As rouleaux is not an antibody an AHG crossmatch is not required. If you IS crossmatch you must (in my opinion) saline replace so you show any agglutination is interference and can therefore enter a negative/compatible/non-reactive result into your LISS, probably with a comment.

With attention to blood utilization, the overall red blood cell usage has gone down.  Consequently blood suppliers have had to pair down the number of overall units they collect in order to avoid out dating products.  Since we are drawing a population, the proportion of desired units in that population (All Rh negs and all group Os) has not changed, but the absolute number of the desired we can acquire units has dropped.  Transfusion practices are still demanding nearly the same number of desired units as before blood utilization practices were implemented.  About half of the Rh neg units distributed go to a non-Rh negative recipient, often because hospitals do not want to "waste" them.  Perhaps if before making that decision to transfuse the blood bank contacted the blood center and asked if there was an immediate need to transfuse an Rh negative unit to an Rh negative recipient, we could better utilize the resources we have.
Also I believe the merging of blood centers has contributed to the problem.  Where the community blood center was usually able to manage the blood needs of the local hospitals, many are selling blood by contract to facilities miles away.  This has decreased the amount of ad hoc blood available for export.
The "low-titer group O" craze is also taking a toll because of the demand for repeat donors to fulfill the need to have Whole blood units with a 21-35 day out date, available for emergencies.
Most blood centers are trying to recruit blood donors by blood group now in order to avoid out-dating Apos and Bpos units. This means that Rh negative and group O donors are approached to give 2-3 times more often than donors of other blood groups.  The desired donors are complaining that they are being approached to give red blood cells too frequently and are starting to ignore our requests.

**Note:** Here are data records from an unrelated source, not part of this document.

lemma word_act_rev_Delta:
  "m \<le> length xs \<Longrightarrow> word_act (rev (Delta m)) xs = rev (take m xs) @ drop m xs"
proof (induction m arbitrary: xs)
  case (Suc m)
  define ys where "ys = rev (take m xs) @ drop m xs"
  have "word_act (rev (Delta (Suc m))) xs = word_act (rev [1..<Suc m]) ys"
    using Suc by (simp add: ys_def)
  also have "\<dots> = ys ! m # take m ys @ drop (Suc m) ys"
    by (rule word_act_rev_upt) (use Suc.prems in \<open>simp add: ys_def\<close>)
  also have "\<dots> = rev (take (Suc m) xs) @ drop (Suc m) xs"
    using Suc.prems by (simp add: ys_def nth_append take_Suc_conv_app_nth min_def)
  finally show ?case .
qed simp

lemma perm_of_Delta: "m \<le> n \<Longrightarrow> perm_of n (Delta m) = rev [0..<m] @ [m..<n]"
  by (simp add: perm_of_def word_act_Delta)

lemma perm_of_rev_Delta: "m \<le> n \<Longrightarrow> perm_of n (rev (Delta m)) = rev [0..<m] @ [m..<n]"
  by (simp add: perm_of_def word_act_rev_Delta)

lemma Delta_in_lists: "m \<le> n \<Longrightarrow> Delta m \<in> lists (gens n)"
proof -
  have "set (Delta m) \<subseteq> {1..<m}" by (induction m) auto
  then show "m \<le> n \<Longrightarrow> Delta m \<in> lists (gens n)" by (auto simp: gens_def)
qed

lemma inversions_rev_upt: "inversions (rev [0..<m]) = length (Delta m)"
proof (induction m)
  case (Suc m)
  have "filter (\<lambda>y. y < m) (rev [0..<m]) = rev [0..<m]" by (simp add: filter_id_conv)
  then show ?case using Suc by simp
qed simp

lemma inversions_perm_of_Delta: "m \<le> n \<Longrightarrow> inversions (rev [0..<m] @ [m..<n]) = length (Delta m)"
  by (simp add: inversions_append inversions_sorted inversions_rev_upt)

lemma reduced_Delta: "m \<le> n \<Longrightarrow> reduced n (Delta m)"
  by (simp add: reduced_def Delta_in_lists perm_of_Delta inversions_perm_of_Delta)

lemma reduced_rev_Delta: "m \<le> n \<Longrightarrow> reduced n (rev (Delta m))"
  using Delta_in_lists[of m n]
  by (simp add: reduced_def perm_of_rev_Delta inversions_perm_of_Delta in_lists_conv_set)

lemma descents_rev_upt_append_upt: "m \<le> n \<Longrightarrow> descents (rev [0..<m] @ [m..<n]) = {1..<m}"
  by (auto simp: descents_def nth_append rev_nth)

lemma exists_word_to_rev_upt:
  assumes "L \<in> permutations_of_set {0..<n}"
  shows "\<exists>z \<in> lists (gens n). word_act z L = rev [0..<n] \<and>
           inversions (rev [0..<n]) = inversions L + length z"
  using assms
proof (induction "n * n - inversions L" arbitrary: L rule: less_induct)
  case less
  have L: "distinct L" "set L = {0..<n}" "length L = n"
    using less.prems by (auto simp: permutations_of_set_def length_finite_permutations_of_set)
  show ?case
  proof (cases "\<exists>k. Suc k < n \<and> L ! k < L ! Suc k")
    case True
    then obtain k where k: "Suc k < n" "L ! k < L ! Suc k" by blast
    have inc: "inversions (swap_adj k L) = inversions L + 1"
      using inversions_swap_adj_ascent[OF L(1)] k L by simp
    moreover have "inversions (swap_adj k L) \<le> n * n"
      using inversions_le_square[of "swap_adj k L"] L by simp
    moreover have "swap_adj k L \<in> permutations_of_set {0..<n}"
      using L by (auto simp: permutations_of_set_def)
    ultimately obtain z where "z \<in> lists (gens n)" "word_act z (swap_adj k L) = rev [0..<n]"
      "inversions (rev [0..<n]) = inversions (swap_adj k L) + length z"
      using less.hyps[of "swap_adj k L"] by (auto simp: diff_less_mono2)
    then show ?thesis
      using inc k by (intro bexI[of _ "Suc k # z"]) (auto simp: gens_iff)
  next
    case False
    then have "sorted (rev L)"
      unfolding sorted_rev_iff_nth_Suc using L(3) by (metis not_less)
    then have "rev L = [0..<n]"
      using L by (intro sorted_distinct_set_unique) auto
    then have "L = rev [0..<n]" by (metis rev_rev_ident)
    then show ?thesis by (intro bexI[of _ "[]"]) auto
  qed
qed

All of these issues (and perhaps others) are contributing to the nation wide blood shortage of the most desired units. Importing products is also difficult. If they are available at all, did you know that in order to import four group O negative units a blood center might have to also purchase 50- 100 group A Pos units?
Platelet utilization seems to be increasing.  Where do platelet donors come from? Usually whole blood donors. Sometimes the blood center needs to decide whether to take a group O product or obtain a platelet product based on the needs of the day. 
Thank you to those who are excellent stewards of the products you receive!  Blood centers are not shorting you because they are incompetent.  Frequently it is extremely difficult to obtain the most desired products any where at any price.  You can help your blood center serve you by being honest with your inventory.